Community-run day care centers in the fjordside city of Horten, southwest of Oslo, have decided to stop serving Norway’s ubiquitous brown goat cheese to their young charges. They contend that brown cheese, long a staple in many Norwegian homes, contains way too much sugar and fat to be a healthy food for small children.
Norwegian Broadcasting (NRK) aired the locally shocking report Friday morning on its nationwide radio channel P1 and some listeners immediately wondered whether it was an early April Fools’ Day media joke. Linda Jakobsen, leader of Horten’s effort to usher in healthier food in day care centers (barnehager) and after-school programs, confirmed the local officials are serious about banning both the brown cheese and a related spread called prim.
“We don’t mean to set off a revolution, but rather normalize our food offerings,” Jakobsen told NRK. She and community nutritionist Pia Harritz Torchio have set new menu guidelines, and a new “inspirational brochure” about what children also should have in their home-made lunch packs is being sent out to parents.
“Brown cheese and prim contain so much sugar, and we know today that children sit much more still and eat food with more calories,” Jakobsen said. “That’s why we no longer want to serve brown cheese in the community arena.”

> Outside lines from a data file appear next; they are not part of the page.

lemma norm_le_exp_if_remainder_bound:
  assumes bound: "remainder_bound (\<lambda>_. f) M b \<gamma> a \<sigma> K"
    and "a > 0" "K \<ge> 0" "M \<ge> 0" "0 < \<delta>" "\<delta> < pi/2"
    and "z \<in> sector (-pi/2 + \<delta>) (pi/2 - \<delta>)" "\<sigma> < cmod z" "1 \<le> cmod z"
  shows "cmod (f z) \<le> K * Mdelta M b \<gamma> \<delta> * exp (1 - a * cmod z / exp 1)"
proof -
  define n where "n = nat \<lfloor>a * cmod z / exp 1\<rfloor>"
  have "cmod (f z) \<le> K * Mdelta M b \<gamma> \<delta> * (fact n / (a ^ n * cmod z ^ (n+1)))"
    using bound assms unfolding remainder_bound_def by (simp add: times_divide_eq_right)
  also have "\<dots> \<le> K * Mdelta M b \<gamma> \<delta> * exp (1 - a * cmod z / exp 1)"
    using assms fact_div_power_le_exp[OF \<open>a > 0\<close> \<open>1 \<le> cmod z\<close> n_def]
    by (intro mult_left_mono) (auto simp: Mdelta_def)
  finally show ?thesis .
qed

section \<open>The bent strip\<close>

(* In the variable w = ln z, the curves |Im (strip_bend \<beta> w)| = pi/2 approach the edges of the
   strip |Im w| < pi/2 at a distance of order exp (-\<beta> * Re w); between them the sector
   estimate can be used with \<delta> of that order. *)
definition strip_bend :: "real \<Rightarrow> complex \<Rightarrow> complex" where
  "strip_bend \<beta> w = w - exp (- (of_real \<beta> * w))"

lemma Re_strip_bend:
  "Re (strip_bend \<beta> w) = Re w - exp (-\<beta> * Re w) * cos (\<beta> * Im w)"
  and Im_strip_bend:
  "Im (strip_bend \<beta> w) = Im w + exp (-\<beta> * Re w) * sin (\<beta> * Im w)"
  by (simp_all add: strip_bend_def Re_exp Im_exp)

lemma continuous_on_strip_bend [continuous_intros]: "continuous_on A (strip_bend \<beta>)"
  unfolding strip_bend_def by (intro continuous_intros)

lemma holomorphic_on_strip_bend [holomorphic_intros]: "strip_bend \<beta> holomorphic_on A"
  unfolding strip_bend_def by (intro holomorphic_intros)

lemma strip_bend_of_real: "strip_bend \<beta> (of_real u) = of_real (u - exp (-\<beta> * u))"
  by (simp add: strip_bend_def exp_of_real[symmetric])

lemma abs_add_mult_sin:
  fixes \<beta> e v :: real
  assumes "0 < \<beta>" "\<beta> \<le> 1/2" "0 \<le> e" "\<bar>v\<bar> \<le> pi/2"
  shows "\<bar>v + e * sin (\<beta> * v)\<bar> = \<bar>v\<bar> + e * sin (\<beta> * \<bar>v\<bar>)"
proof -
  have "\<beta> * \<bar>v\<bar> \<le> 1/2 * (pi/2)" using assms by (intro mult_mono) auto
  then have "0 \<le> sin (\<beta> * \<bar>v\<bar>)" using assms pi_gt3 by (intro sin_ge_zero) auto
  then have "0 \<le> e * sin (\<beta> * \<bar>v\<bar>)" using assms by simp
  then show ?thesis by (cases "0 \<le> v") auto
qed

lemma abs_lt_pi_half_minus_margin:
  fixes \<beta> e v :: real
  assumes \<beta>: "0 < \<beta>" "\<beta> \<le> 1/2" and e: "0 < e" "e \<le> 1/2"
    and v: "\<bar>v\<bar> < pi/2" and bent: "\<bar>v + e * sin (\<beta> * v)\<bar> \<le> pi/2"
  shows "\<bar>v\<bar> < pi/2 - e * sin (\<beta> * pi / 4) / 2"
proof -
  have bent_abs: "\<bar>v\<bar> + e * sin (\<beta> * \<bar>v\<bar>) \<le> pi/2"
    using bent abs_add_mult_sin[OF \<beta>, of e v] e v by simp
  have sin_pos: "0 < sin (\<beta> * pi / 4)" using \<beta> pi_gt3 by (intro sin_gt_zero) auto
  show ?thesis
  proof (cases "\<bar>v\<bar> \<le> pi/4")
    case True
    have "e * sin (\<beta> * pi / 4) \<le> 1/2 * 1" using e sin_pos by (intro mult_mono) auto
    then show ?thesis using True pi_gt3 by linarith
  next
    case False
    have "\<beta> * \<bar>v\<bar> \<le> 1/2 * (pi/2)" using \<beta> v by (intro mult_mono) auto
    moreover have "\<beta> * (pi/4) \<le> \<beta> * \<bar>v\<bar>" using False \<beta> by (intro mult_left_mono) auto
    moreover have "0 \<le> \<beta> * (pi/4)" using \<beta> by simp
    ultimately have "sin (\<beta> * (pi/4)) \<le> sin (\<beta> * \<bar>v\<bar>)"
      by (intro sin_monotone_2pi_le) auto
    then have "e * sin (\<beta> * pi / 4) \<le> e * sin (\<beta> * \<bar>v\<bar>)" using e by (intro mult_left_mono) auto
    moreover have "0 < e * sin (\<beta> * pi / 4)" using e sin_pos by simp
    ultimately show ?thesis using bent_abs by linarith
  qed
qed

lemma abs_Im_lt_pi_half_if_strip_bend:
  assumes \<beta>: "0 < \<beta>" "\<beta> \<le> 1/2"
    and "\<bar>Im w\<bar> \<le> pi/2" "\<bar>Im (strip_bend \<beta> w)\<bar> \<le> pi/2"
  shows "\<bar>Im w\<bar> < pi/2"
proof (rule ccontr)
  assume "\<not> \<bar>Im w\<bar> < pi/2"
  then have abs_eq: "\<bar>Im w\<bar> = pi/2" using assms by simp
  have "0 < exp (-\<beta> * Re w) * sin (\<beta> * \<bar>Im w\<bar>)"
    unfolding abs_eq using \<beta> pi_gt3 by (intro mult_pos_pos sin_gt_zero) auto
  then have "pi/2 < \<bar>Im (strip_bend \<beta> w)\<bar>"
    using abs_add_mult_sin[OF \<beta>, of "exp (-\<beta> * Re w)" "Im w"] abs_eq by (simp add: Im_strip_bend)
  then show False using assms by simp
qed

‘Tastes good,’ but ‘not good’
Jakobsen admits that it “tastes good” for many children and adults alike, who don’t mind the fact that it also has a tendency to stick to the roof of the mouth when eaten. She argues, though, that “it doesn’t contain anything that a child’s body can gain from. Chocolate spreads also taste good, but we don’t recommend that either.”

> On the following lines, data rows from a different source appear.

(* Let $c\in(-1,0]$ and let $x,y,z\in[c,1]$ satisfy $x+yz\ge0$, $y+xz\ge0$, $z+xy\ge0$. Then $$2-x^2-y^2+x+yz+y+xz+z+xy\ge 1+c.$$ *)

theory Defs
  imports Complex_Main
begin

end

theory Submission
  imports Defs
begin

text \<open>Write \<open>E = 2 - x\<^sup>2 - y\<^sup>2 + (x + y z) + (y + x z) + (z + x y)\<close>. The sign of \<open>(x, y)\<close>
  decides the estimate. If \<open>x, y \<ge> 0\<close>, then \<open>x\<^sup>2 \<le> x\<close>, \<open>y\<^sup>2 \<le> y\<close> and \<open>z \<ge> c\<close> leave
  \<open>E \<ge> 1 + c + (1 - x)(1 - y)\<close>. If \<open>x, y \<le> 0\<close>, then \<open>x\<^sup>2, y\<^sup>2 \<le> c\<^sup>2\<close> give
  \<open>E \<ge> 2 - 2c\<^sup>2 = 1 + c + (1 + c)(1 - 2c)\<close>. If exactly one of them, say \<open>x\<close>, is negative,
  then \<open>x + y z \<ge> 0\<close> forces \<open>z > 0\<close>, and \<open>E \<ge> 1 + x y \<ge> 1 + x \<ge> 1 + c\<close>.\<close>

lemma lower_bound_nonneg_xy:
  fixes c x y z :: real
  assumes "-1 \<le> c" and "x \<in> {0..1}" and "y \<in> {0..1}" and "c \<le> z"
  shows "2 - x^2 - y^2 + x + y * z + y + x * z + z + x * y \<ge> 1 + c"
proof -
  have "x^2 \<le> x" "y^2 \<le> y"
    using assms(2,3) by (simp_all add: power2_eq_square mult_left_le)
  moreover have "c * (1 + x + y) \<le> z * (1 + x + y)"
    using assms by (intro mult_right_mono) auto
  moreover have "- (x + y) \<le> c * (x + y)"
    using assms by (metis atLeastAtMost_iff add_nonneg_nonneg mult_minus1 mult_right_mono)
  moreover have "0 \<le> (1 - x) * (1 - y)"
    using assms(2,3) by simp
  ultimately show ?thesis
    by (simp add: algebra_simps)
qed

lemma lower_bound_nonpos_xy:
  fixes c x y z :: real
  assumes "-1 \<le> c" and "c \<le> 0" and "x \<in> {c..0}" and "y \<in> {c..0}"
    and "x + y * z \<ge> 0" and "y + x * z \<ge> 0" and "z + x * y \<ge> 0"
  shows "2 - x^2 - y^2 + x + y * z + y + x * z + z + x * y \<ge> 1 + c"
proof -
  have "x^2 \<le> c^2" "y^2 \<le> c^2"
    using assms(3,4) by (auto simp flip: abs_le_square_iff)
  moreover have "0 \<le> (1 + c) * (1 - 2 * c)"
    using assms(1,2) by simp
  ultimately show ?thesis
    using assms(5-7) by (simp add: algebra_simps power2_eq_square)
qed

lemma lower_bound_neg_x:
  fixes c x y z :: real
  assumes "-1 \<le> c" and "c \<le> x" and "x < 0" and "y \<in> {0..1}" and "x + y * z \<ge> 0"
  shows "2 - x^2 - y^2 + x + y * z + y + x * z + z + x * y \<ge> 1 + c"
proof -
  have "0 < y * z"
    using assms(3,5) by linarith
  then have "0 < z"
    using assms(4) by (simp add: zero_less_mult_iff)
  then have "0 \<le> z * (1 + x)"
    using assms(1,2) by simp
  moreover have "x^2 \<le> 1"
    using assms(1-3) by (simp add: abs_square_le_1)
  moreover have "y^2 \<le> y"
    using assms(4) by (simp add: power2_eq_square mult_left_le)
  moreover have "x \<le> x * y"
    using assms(3,4) by (simp add: mult_le_cancel_left1)
  ultimately show ?thesis
    using assms(2,5) by (simp add: algebra_simps)
qed

theorem proposition3p1:
  fixes c x y z :: real
  assumes "-1 < c" and "c \<le> 0"
    and "x \<in> {c..1}" and "y \<in> {c..1}" and "z \<in> {c..1}"
    and "x + y * z \<ge> 0" and "y + x * z \<ge> 0" and "z + x * y \<ge> 0"
  shows "2 - x^2 - y^2 + x + y * z + y + x * z + z + x * y \<ge> 1 + c"
proof (cases "x < 0"; cases "y < 0")
  assume "x < 0" "y < 0"
  then show ?thesis
    using assms by (intro lower_bound_nonpos_xy) auto
next
  assume "x < 0" "\<not> y < 0"
  then show ?thesis
    using assms by (intro lower_bound_neg_x) auto
next
  assume "\<not> x < 0" "y < 0"
  then have "2 - y^2 - x^2 + y + x * z + x + y * z + z + y * x \<ge> 1 + c"
    using assms by (intro lower_bound_neg_x) auto
  then show ?thesis
    by (simp add: algebra_simps)
next
  assume "\<not> x < 0" "\<not> y < 0"
  then show ?thesis
    using assms by (intro lower_bound_nonneg_xy) auto
qed

end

Reaction to the brown cheese ban was swift, with one “woman on the street” telling NRK that she thinks it’s “tragic. I like brown cheese so much myself.” Others called the ban “strange” and “un-Norwegian,” with one man wondering whether “we have so many different kinds of people in Norway now that we can’t serve Norwegian brown cheese anymore.” Told that it was because of concerns about high sugar content, an issue that even former Prime Minister Gro Harlem Brundtland has worked hard to fight against during her years at the World Health Organisation, another woman shook her head and replied, “Oh, is that the reason now…”
‘Some discussion’
Brown cheese (alternately called brunost, geitost or Gudbrandalsost) will also be banned from the after-school programs for older children called SFO (skole fritidsordning). Morten Kjær, leader of SFO in Horten, said there was “some discussion” about the ban among personnel, but it ultimately won support.
“We thought at first that ‘does it really matter that the kids get a thin slice here,’ but then someone said that since we do serve a between-meal snack, we might as well offer them something healthier,” Kjær said.

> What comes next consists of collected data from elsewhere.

lemma A_egf_nth_recurrence:
  "A_egf $ n = (if n = 2 then 1 / 2 else 0) + (if n = 0 then 0 else A_egf $ (n - 1)) +
    (\<Sum>k=0..n. A_egf $ k * A_egf $ (n - k)) / 2"
proof -
  let ?a = "\<lambda>k. real (num_wl_motzkin k)"
  have base: "real (if n = 2 then 2 else 0) / (2 * fact n) = (if n = 2 then 1 / 2 else (0::real))"
    by (simp add: numeral_2_eq_2)
  have shift: "2 * real n * ?a (n - 1) / (2 * fact n) = (if n = 0 then 0 else A_egf $ (n - 1))"
    by (cases n) (simp_all add: A_egf_def del: of_nat_Suc)
  have convolution: "(\<Sum>k=0..n. real (n choose k) * (?a k * ?a (n - k))) / (2 * fact n) =
      (\<Sum>k=0..n. A_egf $ k * A_egf $ (n - k)) / 2"
    unfolding sum_divide_distrib
    by (intro sum.cong refl) (simp add: A_egf_def binomial_fact)
  have "A_egf $ n = real (2 * num_wl_motzkin n) / (2 * fact n)"
    by (simp add: A_egf_def)
  also have "\<dots> = (real (if n = 2 then 2 else 0) + 2 * real n * ?a (n - 1) +
      (\<Sum>k=0..n. real (n choose k) * (?a k * ?a (n - k)))) / (2 * fact n)"
    by (subst num_wl_motzkin_recurrence) simp
  finally show ?thesis
    unfolding add_divide_distrib base shift convolution .
qed

theorem corollary1:
  shows "A_egf = fps_X ^ 2 / 2 + fps_X * A_egf + A_egf ^ 2 / 2"
proof (rule fps_ext)
  fix n
  have half: "(f / 2) $ n = f $ n / 2" for f :: "real fps"
    unfolding fps_numeral_fps_const divide_fps_const fps_mult_left_const_nth by simp
  have "(A_egf ^ 2) $ n = (\<Sum>k=0..n. A_egf $ k * A_egf $ (n - k))"
    by (simp add: power2_eq_square fps_mult_nth)
  then show "A_egf $ n = (fps_X ^ 2 / 2 + fps_X * A_egf + A_egf ^ 2 / 2) $ n"
    by (subst A_egf_nth_recurrence) (simp add: half fps_X_mult_nth fps_X_power_nth)
qed

end
theorem proposition1p10:
  fixes G :: "('g, 'b) monoid_scheme" and p :: real
  assumes "group G"
    and "countable (carrier G)"
    and "1 < p" and "p \<noteq> 2"
    and "property_T_lp G p"
  shows "property_tau G"
proof (rule ccontr)
  assume "\<not> property_tau G"
  define S where "S k = from_nat_into (carrier G) ` {..<k}" for k
  define \<delta> where "\<delta> k = inverse (real (Suc k))" for k
  have "carrier G \<noteq> {}" using group.is_monoid[OF assms(1)] monoid.one_closed by blast
  then have S: "finite (S k)" "S k \<subseteq> carrier G" for k
    unfolding S_def by (auto intro: from_nat_into)
  have "\<forall>k. \<exists>H\<in>finite_index_subgroups G. \<exists>B.
      small_boundary_set (\<lambda>g c. inv\<^bsub>G\<^esub> g <#\<^bsub>G\<^esub> c) (S k) (lcosets G H) (\<delta> k) B"
    using not_property_tau_small_boundary[OF assms(1) \<open>\<not> property_tau G\<close> S] by (simp add: \<delta>_def)
  then obtain H B where HB: "\<And>k. H k \<in> finite_index_subgroups G"
    "\<And>k. small_boundary_set (\<lambda>g c. inv\<^bsub>G\<^esub> g <#\<^bsub>G\<^esub> c) (S k) (lcosets G (H k)) (\<delta> k) (B k)"
    by metis
  have \<delta>: "\<delta> \<longlonglongrightarrow> 0" unfolding \<delta>_def by (rule LIMSEQ_inverse_real_of_nat)
  have exhausting: "\<forall>\<^sub>F k in sequentially. g \<in> S k" if "g \<in> carrier G" for g
    unfolding eventually_sequentially
  proof (intro exI allI impI)
    fix k assume "Suc (to_nat_on (carrier G) g) \<le> k"
    then show "g \<in> S k" using that assms(2) unfolding S_def by (intro image_eqI[where x = "to_nat_on (carrier G) g"]) auto
  qed
  have "p > 0" using assms(3) by simp
  from not_property_T_lp_of_small_boundary_sets[OF assms(1) this HB S(1) \<delta> exhausting]
    and assms(5) show False by contradiction
qed

end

It’s still unclear whether the Horten initiative against the sweet, fatty cheese will spread to other communities, but it’s bad news for its main producer, state dairy cooperative Tine. After years of market domination in Norway, Tine has been increasingly challenged by new fledgling competitors, public outcry over its failure to produce enough butter for the Norwegian market a few years ago, high prices and a new conservative government that wants less market regulation and more choices for Norwegian consumers. Tine also recently faced protests over a proposal to move brown cheese production out of Gudbrandsdalen, where it started.
Jakobsen, meanwhile, is proud of the new “healthier food” program that Horten has rolled out in a short time and with minimal cost to taxpayers. “We know that many children are overweight, and with that comes various illness and psychological problems,” she said. “Preventative measures are the simplest and cheapest way to save the children. It’s not difficult to simply choose healthier, less sweet and fatty foods.” She said that parents can still serve brown cheese to their children at home, “but then it’s good that they won’t get it in the day care centers or schools anymore.”